The Olympic Games, while traditionally apolitical, had increasingly become a way for governments to promote their own agendas. Davis cited the 1948 Olympics, just after World War II, as one of the first instances of this, during which the U.S. sent a team of photographers and videographers to capture the diversity of Team USA and find a way to capitalize on the international visibility of the Olympics.

This continued until the Cold War, which Davis described as a hugely important time in American history.

“It’s really an era of domestic upheaval, socially as well,” Davis said. “So you can see how all that’s colliding to create a moment where sports becomes something of huge symbolic importance, whether it’s formalized State Department structure, informal attempts to argue for civil rights, domestically and globally, or just ways to punch at your competing emerging world powers.”

Davis described the Olympics as a key way for new and emerging nation-states to build their influence and gain international recognition. As new governments gained power, the U.S. and Soviet Union saw an opportunity to bolster support for each of their causes during the Cold War by sending athletes to and setting up sporting events in these nations.

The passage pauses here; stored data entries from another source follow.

section \<open>Bounded divisor sums\<close>

lemma prime_dvd_div_prime:
  fixes n p q :: nat
  assumes "prime p" "prime q" "p \<noteq> q" "p dvd n" "q dvd n"
  shows "q dvd n div p"
proof -
  have "\<not> q dvd p" using assms primes_dvd_imp_eq by blast
  moreover have "q dvd p * (n div p)" using assms by simp
  ultimately show ?thesis using assms(2) prime_dvd_mult_iff by blast
qed

lemma dvd_div_div_primes:
  fixes n d p q :: nat
  assumes "prime p" "prime q" "p \<noteq> q" "p dvd n" "q dvd n" "d dvd n div p" "d dvd n div q"
  shows "d dvd n div p div q"
proof -
  have "coprime p q" using assms by (simp add: primes_coprime)
  then have "p * q dvd n" using assms by (simp add: divides_mult)
  then obtain r where n: "n = p * q * r" by blast
  have "p > 0" "q > 0" using assms prime_gt_0_nat by auto
  then have "n div p = q * r" "n div q = p * r" "n div p div q = r" using n by auto
  then have "d dvd gcd (r * q) (r * p)" using assms by (simp add: mult.commute)
  also have "gcd (r * q) (r * p) = r"
    using \<open>coprime p q\<close> gcd_mult_distrib_nat[of r q p]
    by (simp add: coprime_commute coprime_iff_gcd_eq_1)
  finally show ?thesis using \<open>n div p div q = r\<close> by simp
qed

text \<open>
  Inclusion-exclusion over the prime factors \<open>Q\<close> of \<open>n\<close> (Moebius inversion): adding a prime \<open>p\<close>
  to \<open>Q\<close> removes the divisors of \<open>n div p\<close>, each step at most doubling the bound, and once
  \<open>Q\<close> contains all prime factors only \<open>n\<close> itself is left.
\<close>
definition divisors_avoiding :: "nat \<Rightarrow> nat set \<Rightarrow> nat set" where
  "divisors_avoiding n Q = {d. d dvd n \<and> (\<forall>q\<in>Q. \<not> d dvd n div q)}"

lemma divisors_avoiding_insert:
  assumes "n > 0" "prime p" "p dvd n" "p \<notin> Q" and Q: "\<forall>q\<in>Q. prime q \<and> q dvd n"
  shows "divisors_avoiding (n div p) Q \<subseteq> divisors_avoiding n Q"
    and "divisors_avoiding n (insert p Q) = divisors_avoiding n Q - divisors_avoiding (n div p) Q"
proof -
  have n: "n = p * (n div p)" using assms by simp
  have iff: "d \<in> divisors_avoiding (n div p) Q \<longleftrightarrow> d \<in> divisors_avoiding n Q \<and> d dvd n div p" for d
  proof
    assume d: "d \<in> divisors_avoiding (n div p) Q"
    have "\<not> d dvd n div q" if "q \<in> Q" for q
    proof
      assume "d dvd n div q"
      moreover have "p \<noteq> q" "prime q" "q dvd n" using assms(4) Q that by auto
      ultimately have "d dvd n div p div q"
        using dvd_div_div_primes[of p q n d] assms(2,3) d by (simp add: divisors_avoiding_def)
      then show False using d that by (auto simp: divisors_avoiding_def)
    qed
    moreover have "d dvd n"
      using d n dvd_mult[of d "n div p" p] by (simp add: divisors_avoiding_def)
    ultimately show "d \<in> divisors_avoiding n Q \<and> d dvd n div p"
      using d by (simp add: divisors_avoiding_def)
  next
    assume d: "d \<in> divisors_avoiding n Q \<and> d dvd n div p"
    have "\<not> d dvd n div p div q" if "q \<in> Q" for q
    proof
      assume dm: "d dvd n div p div q"
      have "p \<noteq> q" using assms(4) that by blast
      then have "q dvd n div p" using prime_dvd_div_prime[OF assms(2) _ _ assms(3)] Q that by blast
      then obtain m where m: "n div p = q * m" by blast
      have "q > 0" using Q that prime_gt_0_nat by blast
      have "n = q * (p * m)" using n m by simp
      then have "n div q = p * m" "n div p div q = m"
        using \<open>q > 0\<close> m by simp_all
      then have "d dvd n div q" using dm by simp
      then show False using d that by (auto simp: divisors_avoiding_def)
    qed
    then show "d \<in> divisors_avoiding (n div p) Q" using d by (auto simp: divisors_avoiding_def)
  qed
  show "divisors_avoiding (n div p) Q \<subseteq> divisors_avoiding n Q" using iff by auto
  show "divisors_avoiding n (insert p Q) = divisors_avoiding n Q - divisors_avoiding (n div p) Q"
    using iff by (auto simp: divisors_avoiding_def)
qed

lemma sum_divisors_avoiding_bound:
  fixes f :: "nat \<Rightarrow> int"
  assumes bounded: "\<And>n. n > 0 \<Longrightarrow> \<bar>\<Sum>d | d dvd n. f d\<bar> \<le> D"
  shows "finite Q \<Longrightarrow> n > 0 \<Longrightarrow> \<forall>q\<in>Q. prime q \<and> q dvd n \<Longrightarrow>
    \<bar>\<Sum>d\<in>divisors_avoiding n Q. f d\<bar> \<le> 2 ^ card Q * D"
proof (induction Q arbitrary: n rule: finite_induct)
  case empty
  then show ?case using bounded by (simp add: divisors_avoiding_def)
next
  case (insert p Q)
  have p: "prime p" "p dvd n" and Q: "\<forall>q\<in>Q. prime q \<and> q dvd n" using insert.prems by auto
  have "p \<le> n" using p insert.prems(1) by (simp add: dvd_imp_le)
  then have "n div p > 0" using prime_gt_0_nat[OF p(1)] by (simp add: div_greater_zero_iff)
  moreover have "\<forall>q\<in>Q. prime q \<and> q dvd n div p"
    using insert.hyps(2) p Q prime_dvd_div_prime by metis
  ultimately have bound_div: "\<bar>\<Sum>d\<in>divisors_avoiding (n div p) Q. f d\<bar> \<le> 2 ^ card Q * D"
    by (rule insert.IH)
  have bound: "\<bar>\<Sum>d\<in>divisors_avoiding n Q. f d\<bar> \<le> 2 ^ card Q * D"
    using insert.IH insert.prems(1) Q .
  note split = divisors_avoiding_insert[OF insert.prems(1) p insert.hyps(2) Q]
  have "finite (divisors_avoiding n Q)"
    using insert.prems(1) by (simp add: divisors_avoiding_def)
  then have "(\<Sum>d\<in>divisors_avoiding n (insert p Q). f d) =
             (\<Sum>d\<in>divisors_avoiding n Q. f d) - (\<Sum>d\<in>divisors_avoiding (n div p) Q. f d)"
    unfolding split(2) using split(1) by (rule sum_diff)
  then show ?case using bound bound_div insert.hyps by simp
qed

lemma divisors_avoiding_prime_factors:
  assumes "n > 0"
  shows "divisors_avoiding n (prime_factors n) = {n}"
proof -
  have "\<not> n dvd n div q" if "q \<in> prime_factors n" for q
  proof
    assume "n dvd n div q"
    have q: "prime q" "q dvd n" using that by auto
    then have "q \<le> n" using assms by (simp add: dvd_imp_le)
    then have "n div q < n" "n div q > 0"
      using q prime_gt_1_nat[of q] assms by (simp_all add: div_greater_zero_iff)
    then show False using \<open>n dvd n div q\<close> dvd_imp_le by fastforce
  qed
  moreover have "d = n" if d: "d \<in> divisors_avoiding n (prime_factors n)" for d
  proof (rule ccontr)
    assume "d \<noteq> n"
    from d obtain k where k: "n = d * k" by (auto simp: divisors_avoiding_def)
    with \<open>d \<noteq> n\<close> have "k \<noteq> 1" by auto
    then obtain q where q: "prime q" "q dvd k" using prime_factor_nat by blast
    then have "q \<in> prime_factors n" "d dvd n div q"
      using k assms by (auto simp: in_prime_factors_iff)
    then show False using d by (auto simp: divisors_avoiding_def)
  qed
  ultimately show ?thesis by (auto simp: divisors_avoiding_def)
qed

lemma abs_le_of_bounded_divisor_sums:
  fixes f :: "nat \<Rightarrow> int"
  assumes "\<And>n. n > 0 \<Longrightarrow> \<bar>\<Sum>d | d dvd n. f d\<bar> \<le> D" "n > 0"
  shows "\<bar>f n\<bar> \<le> 2 ^ card (prime_factors n) * D"
proof -
  have "\<forall>q\<in>prime_factors n. prime q \<and> q dvd n" by auto
  then show ?thesis
    using sum_divisors_avoiding_bound[OF assms(1) _ assms(2), of "prime_factors n"] assms(2)
    by (simp add: divisors_avoiding_prime_factors)
qed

Davis referenced Rose Robinson, an African American high jumper and anti-war activist from Chicago, as an example of an American athlete who refused to be sent on a State Department trip to promote the U.S.

“(Robinson) is super vocal about not wanting to be the face of the empire, not wanting to be used as a pawn to further wars on what she terms 'Black and brown' populations,” Davis said. “So she makes the stance and then, just coincidentally, six months later, she’s arrested for tax evasion, over $386. She’s thrown in jail.”

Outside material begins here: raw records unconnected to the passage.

(* Let $n$ be a positive integer, $G=\mathbb{Z}\times\mathbb{Z}_n=\langle z\rangle\times\langle a\rangle$, and let $\mathcal{S}$ be a Schur ring over $G$. Let $H$ be the maximal $\mathcal{S}$-subgroup of $G$ contained in $\mathbb{Z}$. Suppose $n\mid[\mathbb{Z}:H]$, and let $K$ be the unique subgroup of $\mathbb{Z}$ with $[K:H]=n$ (if $[\mathbb{Z}:H]=\infty$, i.e. $H=1$, set $K=1$). Then every $\mathcal{S}$-class contained in $G\setminus(K\times\mathbb{Z}_n)$ is a union of cosets of some nontrivial $\mathcal{S}$-subgroup of $\mathbb{Z}_n$.
   Context: $F$ is a field of characteristic $0$; $\mathbb{Z}=\langle z\rangle$ is infinite cyclic and $\mathbb{Z}_n=\langle a\rangle$ is cyclic of order $n$, written multiplicatively. For finite $C\subseteq G$, $\overline{C}=\sum_{g\in C}g\in F[G]$ and $C^*=\{g^{-1}:g\in C\}$. A Schur ring over $G$ is a subspace $\mathcal{S}=\mathrm{Span}_F\{\overline{C}:C\in\mathcal{D}\}$ of $F[G]$, where $\mathcal{D}=\mathcal{D}(\mathcal{S})$ is a partition of $G$ into finite subsets with $\{1\}\in\mathcal{D}$, $C\in\mathcal{D}\Rightarrow C^*\in\mathcal{D}$, and each product $\overline{C}\,\overline{D}$ ($C,D\in\mathcal{D}$) a finite $F$-linear combination of the $\overline{E}$, $E\in\mathcal{D}$. Members of $\mathcal{D}(\mathcal{S})$ are $\mathcal{S}$-classes; an $\mathcal{S}$-subset is a union of $\mathcal{S}$-classes; an $\mathcal{S}$-subgroup is a subgroup which is an $\mathcal{S}$-subset (the $\mathcal{S}$-subgroups contained in $\mathbb{Z}$ have a unique maximal element). *)

theory Defs
  imports Main
begin

text \<open>The group G = Z x Z_n, written additively on pairs (k, j) with k :: int and
  j \<in> {0..<n}; (k,j) stands for z^k a^j.\<close>

definition grp :: "nat \<Rightarrow> (int \<times> int) set" where
  "grp n = UNIV \<times> {0..<int n}"

definition gmul :: "nat \<Rightarrow> int \<times> int \<Rightarrow> int \<times> int \<Rightarrow> int \<times> int" where
  "gmul n x y = (fst x + fst y, (snd x + snd y) mod int n)"

definition ginv :: "nat \<Rightarrow> int \<times> int \<Rightarrow> int \<times> int" where
  "ginv n x = (- fst x, (- snd x) mod int n)"

definition gone :: "int \<times> int" where
  "gone = (0, 0)"

definition Zpart :: "(int \<times> int) set" where
  "Zpart = {(k, 0) | k. True}"

definition Znpart :: "nat \<Rightarrow> (int \<times> int) set" where
  "Znpart n = {0} \<times> {0..<int n}"

text \<open>Elements of the group algebra F[G]: finitely supported functions G -> F
  (identified with functions on int x int vanishing outside G).
  The class sum of a finite set C.\<close>
definition csum :: "'f::field_char_0 itself \<Rightarrow> (int \<times> int) set \<Rightarrow> (int \<times> int \<Rightarrow> 'f)" where
  "csum _ C = (\<lambda>g. if g \<in> C then 1 else 0)"

definition gconv :: "nat \<Rightarrow> (int \<times> int \<Rightarrow> 'f::field_char_0) \<Rightarrow> (int \<times> int \<Rightarrow> 'f) \<Rightarrow> (int \<times> int \<Rightarrow> 'f)" where
  "gconv n f h = (\<lambda>g. \<Sum>p \<in> {(u, v). u \<in> grp n \<and> v \<in> grp n \<and> f u \<noteq> 0 \<and> h v \<noteq> 0 \<and> gmul n u v = g}.
                        f (fst p) * h (snd p))"

text \<open>Schur ring over G with coefficients in the field 'f (of characteristic 0),
  given by its partition D of G into the S-classes.\<close>
definition schur_ring :: "'f::field_char_0 itself \<Rightarrow> nat \<Rightarrow> (int \<times> int) set set \<Rightarrow> bool" where
  "schur_ring F n D \<longleftrightarrow>
     \<Union> D = grp n \<and>
     (\<forall>C\<in>D. C \<noteq> {} \<and> finite C) \<and>
     (\<forall>C\<in>D. \<forall>C'\<in>D. C \<noteq> C' \<longrightarrow> C \<inter> C' = {}) \<and>
     {gone} \<in> D \<and>
     (\<forall>C\<in>D. ginv n ` C \<in> D) \<and>
     (\<forall>C\<in>D. \<forall>C'\<in>D. \<exists>T c. finite T \<and> T \<subseteq> D \<and>
        gconv n (csum F C) (csum F C') = (\<lambda>g. \<Sum>E\<in>T. (c E :: 'f) * csum F E g))"

definition subgrp :: "nat \<Rightarrow> (int \<times> int) set \<Rightarrow> bool" where
  "subgrp n H \<longleftrightarrow> H \<subseteq> grp n \<and> gone \<in> H \<and>
     (\<forall>x\<in>H. \<forall>y\<in>H. gmul n x y \<in> H) \<and> (\<forall>x\<in>H. ginv n x \<in> H)"

definition S_subset :: "(int \<times> int) set set \<Rightarrow> (int \<times> int) set \<Rightarrow> bool" where
  "S_subset D X \<longleftrightarrow> (\<exists>T \<subseteq> D. X = \<Union> T)"

definition S_subgroup :: "nat \<Rightarrow> (int \<times> int) set set \<Rightarrow> (int \<times> int) set \<Rightarrow> bool" where
  "S_subgroup n D H \<longleftrightarrow> subgrp n H \<and> S_subset D H"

Black female athletes who agreed to attend these State Department trips, such as Wilma Rudolph, returned with new knowledge of Black liberatory politics and helped lead the Civil Rights Movement, unfortunately with little recognition.

“The USA calculation that ‘who’s going to listen to Black women when they’re speaking anyways?’ was really apt, and they were very useful symbols in their bodies, when they’re performing their athletics,” Davis said. “But we lose their voices when they start speaking up about what they’re seeing and what they believe.”

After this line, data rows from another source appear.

lemma quad_form_pos_of_pd_quadIZ_on_SN:
  fixes M N :: "real^('k::finite + 'n::finite)^('k + 'n)" and Zb :: "real^'k^'n"
  assumes sN: "transpose N = N" and bounded: "bounded (SN N :: (real^'k^'n) set)"
    and Zb: "Zb \<in> SN N" and pd_on_SN: "\<forall>Z \<in> (SN N :: (real^'k^'n) set). pd (quadIZ M Z)"
    and "x \<noteq> 0" and nonneg: "0 \<le> quad_form N x"
  shows "0 < quad_form M x"
proof -
  have neg: "quad_form N (block_vec (0::real^'k) d) < 0" if "d \<noteq> 0" for d :: "real^'n"
    using lower_block_quad_form_neg[OF sN bounded Zb that] .
  obtain C where schur: "schur_stack N C" using schur_stack_exists[OF sN neg] by blast
  have C: "C \<in> SN N" by (rule schur_stack_mem_SN[OF sN neg schur Zb])
  obtain u w where x: "x = block_vec u w" by (rule block_vec_cases)
  have "u \<noteq> 0"
  proof
    assume "u = 0"
    then have "quad_form N x < 0" using neg[of w] \<open>x \<noteq> 0\<close> by (simp add: x)
    with nonneg show False by simp
  qed
  obtain Z where "Z \<in> SN N" and Zu: "Z *v u = w"
    using SN_interpolates[OF sN neg schur C] nonneg x by blast
  then have "0 < quad_form (quadIZ M Z) u" using pd_on_SN \<open>u \<noteq> 0\<close> by (simp add: pd_iff_quad_form)
  then show ?thesis by (simp add: quad_form_quadIZ stackIZ_mult_vec Zu x)
qed

lemma pd_quadIZ_of_pd_diff:
  fixes M N :: "real^('k::finite + 'n::finite)^('k + 'n)" and Z :: "real^'k^'n"
  assumes sM: "transpose M = M" and sN: "transpose N = N"
    and "0 \<le> \<alpha>" and pd: "pd (M - \<alpha> *\<^sub>R N)" and Z: "Z \<in> SN N"
  shows "pd (quadIZ M Z)"
  unfolding pd_iff_quad_form
proof (intro conjI allI impI)
  show "transpose (quadIZ M Z) = quadIZ M Z" by (rule transpose_quadIZ[OF sM])
  fix u :: "real^'k"
  assume "u \<noteq> 0"
  then have "0 < quad_form M (stackIZ Z *v u) - \<alpha> * quad_form N (stackIZ Z *v u)"
    using pd by (simp add: pd_iff_quad_form quad_form_diff_scaleR stackIZ_mult_vec)
  moreover have "0 \<le> \<alpha> * quad_form N (stackIZ Z *v u)"
    using Z \<open>0 \<le> \<alpha>\<close> by (simp add: mem_SN_iff[OF sN])
  ultimately show "0 < quad_form (quadIZ M Z) u" by (simp add: quad_form_quadIZ)
qed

The panelists emphasized that the influence of athletes and sporting events on politics and international relations continues to be underestimated and advised that academics and politicians pay greater attention to these events.

“With social media and other avenues to speak outside of official kind of letterhead dispatches, we’re going to see new playbooks being written about sports diplomacy across the world,” Davis said. “I think that that is giving us a new kind of opportunity to see what happens when we actually think about sports coming together in solidarity and not necessarily in politicking.”